# solving of equations by the Euler method in Prolog

I wrote this mini pseudo code that solves the equation using the Euler method:

``````    // y'= x^2 - 5y
int n = 10; // count of steps
double h = 0.5; // step
double x = 0;
double y = 1;

for (int i = 0; i < n; i++) {
y += h * (x * x - 5 * y);
x += h;
}
write << y; //result
``````

Now I am trying to write this in Prolog language

``````loop2(N,H,X,Y) :-
N > 0,
write(Y), nl,
Y is Y + H * (X * X - 5 * Y),
X is X + H,
S is N - 1,
loop2(S, H, X, Y).

``````

Here I solved the example on a piece of paper and should get 62.5

But in Prolog my Output =

``````?- loop2(10, 0.5, 0, 1).
1
false.
``````

### >Solution :

`X is X + H` becomes `0 is 0 + 0.5` and it is not, so case closed as far as Prolog is concerned, it has found your logical code is `false`, and reports that to you. You did tell it to `writeln(Y)` before that, so you still see `1` while it was trying.

You need to use new variable names for the results of calculations like you have used `S is N - 1`, e.g. `Xnext is X + H`.
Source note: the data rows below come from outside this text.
lemma min_sf_dfa_initial_not_reentered:
  assumes "w \<in> lists \<Sigma>" "w \<noteq> []"
  shows "dw \<delta> w 0 \<noteq> 0"
proof
  assume "dw \<delta> w 0 = 0"
  obtain z where z: "z \<in> lists \<Sigma>" "dw \<delta> z 0 \<in> F"
    using min_sf_dfa_live_state[of 0] n by auto
  then have "z \<in> dfa_lang \<Sigma> \<delta> F" "w @ z \<in> dfa_lang \<Sigma> \<delta> F"
    using assms \<open>dw \<delta> w 0 = 0\<close> unfolding dfa_lang_def by (auto simp: dw_append)
  then show False
    using min_sf_dfa_suffix_free assms(2) by blast
qed

lemma min_sf_dfa_initial_not_merged:
  assumes "w \<in> lists \<Sigma>" "0 < r" "r < n" "dw \<delta> w 0 \<noteq> n - 1"
  shows "dw \<delta> w r \<noteq> dw \<delta> w 0"
proof
  assume merged: "dw \<delta> w r = dw \<delta> w 0"
  obtain v where v: "v \<in> lists \<Sigma>" "dw \<delta> v 0 = r"
    using min_sf_dfa_reachable assms(3) by blast
  then have "v \<noteq> []" using assms(2) by auto
  have "dw \<delta> w 0 < n"
    using min_sf_dfa_transf[OF assms(1)] n unfolding is_transf_def by simp
  then obtain z where z: "z \<in> lists \<Sigma>" "dw \<delta> z (dw \<delta> w 0) \<in> F"
    using min_sf_dfa_live_state assms(4) by blast
  then have "w @ z \<in> dfa_lang \<Sigma> \<delta> F" "v @ w @ z \<in> dfa_lang \<Sigma> \<delta> F"
    using assms(1) v merged unfolding dfa_lang_def by (auto simp: dw_append)
  then show False
    using min_sf_dfa_suffix_free \<open>v \<noteq> []\<close> by blast
qed

lemma min_sf_dfa_initial_not_hit:
  assumes "w \<in> lists \<Sigma>" "w \<noteq> []" "q < n"
  shows "dw \<delta> w q \<noteq> 0"
proof -
  obtain v where "v \<in> lists \<Sigma>" "dw \<delta> v 0 = q"
    using min_sf_dfa_reachable assms(3) by blast
  then show ?thesis
    using min_sf_dfa_initial_not_reentered[of "v @ w"] assms by (simp add: dw_append)
qed

lemma trans_sg_subset_W_sf_if_no_colliding:
  assumes no_coll: "no_colliding n (trans_sg \<Sigma> \<delta>)"
  shows "trans_sg \<Sigma> \<delta> \<subseteq> W_sf n"
proof
  fix t assume "t \<in> trans_sg \<Sigma> \<delta>"
  then obtain w where t: "t = dw \<delta> w" and w: "w \<in> lists \<Sigma>" "w \<noteq> []"
    unfolding trans_sg_def by blast
  have "t 0 = n - 1 \<or> (\<forall>q. 1 \<le> q \<and> q \<le> n - 2 \<longrightarrow> t q = n - 1)"
  proof (rule ccontr)
    assume "\<not> ?thesis"
    then obtain r where "t 0 \<noteq> n - 1" "1 \<le> r" "r \<le> n - 2" "t r \<noteq> n - 1" by auto
    moreover have "t r \<noteq> t 0"
      using min_sf_dfa_initial_not_merged[OF w(1)] calculation n unfolding t by simp
    moreover have "t 0 < n" "t r < n" "t 0 \<noteq> 0" "t r \<noteq> 0"
      using min_sf_dfa_transf[OF w(1)] min_sf_dfa_initial_not_hit[OF w] calculation n
      unfolding t is_transf_def by auto
    ultimately have "colliding n (trans_sg \<Sigma> \<delta>) (t 0) (t r)"
      unfolding colliding_def using \<open>t \<in> trans_sg \<Sigma> \<delta>\<close> by force
    then show False using no_coll unfolding no_colliding_def by blast
  qed
  then show "t \<in> W_sf n"
    unfolding W_sf_iff t
    using min_sf_dfa_transf min_sf_dfa_initial_not_hit min_sf_dfa_sink_fixed w by blast
qed

end

theorem proposition3:
  fixes n :: nat
  assumes "n \<ge> 4"
  shows "(\<exists>(\<Sigma>::nat set) \<delta> F. min_sf_dfa n \<Sigma> \<delta> F \<and> trans_sg \<Sigma> \<delta> = W_sf n
            \<and> no_colliding n (trans_sg \<Sigma> \<delta>))
       \<and> (\<forall>(\<Sigma>::'a set) \<delta> F. min_sf_dfa n \<Sigma> \<delta> F \<and> no_colliding n (trans_sg \<Sigma> \<delta>)
            \<longrightarrow> trans_sg \<Sigma> \<delta> \<subseteq> W_sf n)"
proof (intro conjI allI impI)
  obtain \<Sigma> :: "nat set" and \<delta> F where "min_sf_dfa n \<Sigma> \<delta> F" "trans_sg \<Sigma> \<delta> = W_sf n"
    using W_sf_is_trans_sg_of_min_sf_dfa[OF assms] by blast
  then show "\<exists>(\<Sigma>::nat set) \<delta> F. min_sf_dfa n \<Sigma> \<delta> F \<and> trans_sg \<Sigma> \<delta> = W_sf n
      \<and> no_colliding n (trans_sg \<Sigma> \<delta>)"
    by (intro exI[of _ \<Sigma>] exI[of _ \<delta>] exI[of _ F]) (simp add: no_colliding_W_sf)
next
  fix \<Sigma> :: "'a set" and \<delta> F
  assume "min_sf_dfa n \<Sigma> \<delta> F \<and> no_colliding n (trans_sg \<Sigma> \<delta>)"
  then show "trans_sg \<Sigma> \<delta> \<subseteq> W_sf n"
    using trans_sg_subset_W_sf_if_no_colliding[of n \<Sigma> \<delta> F] assms by simp
qed

end
lemma prob_uniform_subset_misses:
  assumes X: "finite X" and K: "K \<subseteq> X" and l: "l \<le> card X"
  shows "measure (pmf_of_set (subsets_of_card l X)) {T. T \<inter> K = {}}
           \<le> exp (- real (card K) / real (card X) * real l)"
proof (cases "card X = 0")
  case True
  then show ?thesis by simp
next
  case False
  define n c where "n = card X" and "c = card K"
  have cn: "c \<le> n" and npos: "real n > 0"
    using K X False by (simp_all add: c_def n_def card_mono card_gt_0_iff)
  have missing: "subsets_of_card l X \<inter> {T. T \<inter> K = {}} = subsets_of_card l (X - K)"
    unfolding subsets_of_card_def by auto
  have "measure (pmf_of_set (subsets_of_card l X)) {T. T \<inter> K = {}}
          = real ((n - c) choose l) / real (n choose l)"
    using X K l by (simp add: measure_pmf_of_set missing finite_subsets_of_card subsets_of_card_nonempty
        card_subsets_of_card card_Diff_subset finite_subset n_def c_def)
  also have "\<dots> \<le> (real (n - c) / real n) ^ l"
  proof -
    have "real ((n - c) choose l) * real n ^ l \<le> real (n choose l) * real (n - c) ^ l"
      using binomial_ratio_le_power[of "n - c" n l] by (metis diff_le_self of_nat_le_iff of_nat_mult of_nat_power)
    moreover have "real (n choose l) > 0" using l by (simp add: n_def)
    ultimately show ?thesis using npos by (simp add: field_simps power_divide)
  qed
  also have "\<dots> = (1 + (- real c / real n)) ^ l" using cn npos by (simp add: of_nat_diff field_simps)
  also have "\<dots> \<le> exp (- real c / real n) ^ l"
    using cn npos by (intro power_mono exp_ge_add_one_self) (simp add: field_simps)
  also have "\<dots> = exp (- real c / real n * real l)" by (metis exp_of_nat_mult mult.commute)
  finally show ?thesis by (simp add: c_def n_def)
qed
(* Let $P$ be a multiprogram in which at most one thread per process calls deliver, and let $\widehat C$ be a finite computation of $\mathrm{TS}(P)$ satisfying $\mathrm{NW}$. Then for all processes $\widehat p,\widehat r$, the writes performed by $\widehat p$ to its variable $T[\widehat r]$, taken in program order, write strictly increasing values.
   Context: $\mathrm{NW}$ (message-passing network model): processes communicate by $\mathrm{send}(s,d,m)$/$\mathrm{recv}(s,d,m)$ of uniquely identified messages; messages from a given sender to a given receiver are received in the order sent (FIFO channels), each message is received at most once and only after being sent; threads within a process share local variables whose accesses are sequentially consistent. Formally $\mathrm{NW}(C)$ holds iff for each process there is a valid total order of its operations extending $\to_{\mathrm{HappensBefore}}$, the transitive closure of program order, send-before-receive, FIFO-channel order (receives of $m,m'$ from $s$ to $d$ ordered as the sends), and writes-into order on local variables; and messages are received iff sent. The timestamp transformation $\mathrm{TS}$. Each process $\widehat p$ has: integer local-counter (initially 0); arrays $\mathrm{counter}[\cdot]$ and $T[\cdot]$ indexed by processes, initially 0; a priority queue $\mathrm{priorityQ}[l]$ for each label $l\in L$ ordered by (timestamp, source) lexicographically; a FIFO queue $\mathrm{fifoQ}[\widehat q]$ for each process $\widehat q$. Queue elements are $[u,ts,c,src]$. $\mathrm{bcast}(u,l)$ ($l\in L\cup\{\bot\}$): send $[\mathrm{LBR},u,l]$ to $\widehat p$ itself. ProcessQueueElement$(qe,l,s)$: enqueue $qe$ into $\mathrm{priorityQ}[l]$ if $l\neq\bot$, else into $\mathrm{fifoQ}[s]$. HandleMessage: receive a message from some $\widehat s$; if $[\mathrm{LBR},u,l]$: $T[\widehat p]\gets T[\widehat p]+1$, local-counter $\gets$ local-counter$+1$, $qe\gets[u,T[\widehat p],\text{local-counter},\widehat p]$, ProcessQueueElement$(qe,l,\widehat p)$, send $[\mathrm{ORD},l,qe]$ to every other process; if $[\mathrm{TSUPD},t,\widehat q]$: $T[\widehat q]\gets t$; if $[\mathrm{ORD},l,qe]$: $T[\widehat s]\gets qe.ts$, ProcessQueueElement$(qe,l,\widehat s)$, and if $qe.ts>T[\widehat p]$ then $T[\widehat p]\gets qe.ts$ and send $[\mathrm{TSUPD},T[\widehat p],\widehat p]$ to every other process. CanExtract$(\mathrm{priorityQ}[l])$ holds iff the queue is nonempty and its minimum $qe$ satisfies $qe.c=\mathrm{counter}[qe.src]+1$ and $qe.ts\le T[\widehat q]$ for all $\widehat q$. CanDequeue$(\mathrm{fifoQ}[\widehat q])$ holds iff nonempty and its head $qe$ satisfies $qe.c=\mathrm{counter}[qe.src]+1$. deliver: while no priority queue satisfies CanExtract and no FIFO queue satisfies CanDequeue, call HandleMessage; then remove an element $qe$ from such a queue (extractmin, or FIFO dequeue), set $\mathrm{counter}[qe.src]\gets qe.c$, and return $qe.u$ with its label ($\bot$ for FIFO). Reads/writes of the original program are mapped to themselves. The only writes to $T[\cdot]$ are those listed above. *)

theory Defs
  imports Main
begin

text \<open>Operational model of the timestamp transformation TS(P) running over an NW
  (FIFO message-passing) network.  Processes are elements of a finite linearly
  ordered type 'p (the order is used for the (timestamp, source) tie-break);
  labels L are the type 'l and L \<union> {bot} is 'l option (None = bot).\<close>

record ('u,'p) qelem =
  qu   :: 'u
  qts  :: int
  qc   :: int
  qsrc :: 'p

datatype ('u,'l,'p) msg =
    LBR 'u "'l option"
  | TSUPD int 'p
  | ORD "'l option" "('u,'p) qelem"

record ('u,'l,'p) pstate =
  localc    :: int
  counter   :: "'p \<Rightarrow> int"
  Tv        :: "'p \<Rightarrow> int"
  priorityQ :: "'l \<Rightarrow> ('u,'p) qelem list"
  fifoQ     :: "'p \<Rightarrow> ('u,'p) qelem list"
The way you have shaped the countdown, `S` will eventually become `0` and then `N > 0` will be false and the whole thing will fail then. You can probably get away with using this to `write` the values before it eventually fails, but a more normal way to end recursion is to have

``````loop2(0,_,_,_).
loop2(N,H,X,Y) :-
...
``````

which says that when the call to `loop2` happens, the top one is found first, if the first position is 0, then it succeeds. That ends the recursion and the whole thing succeeds.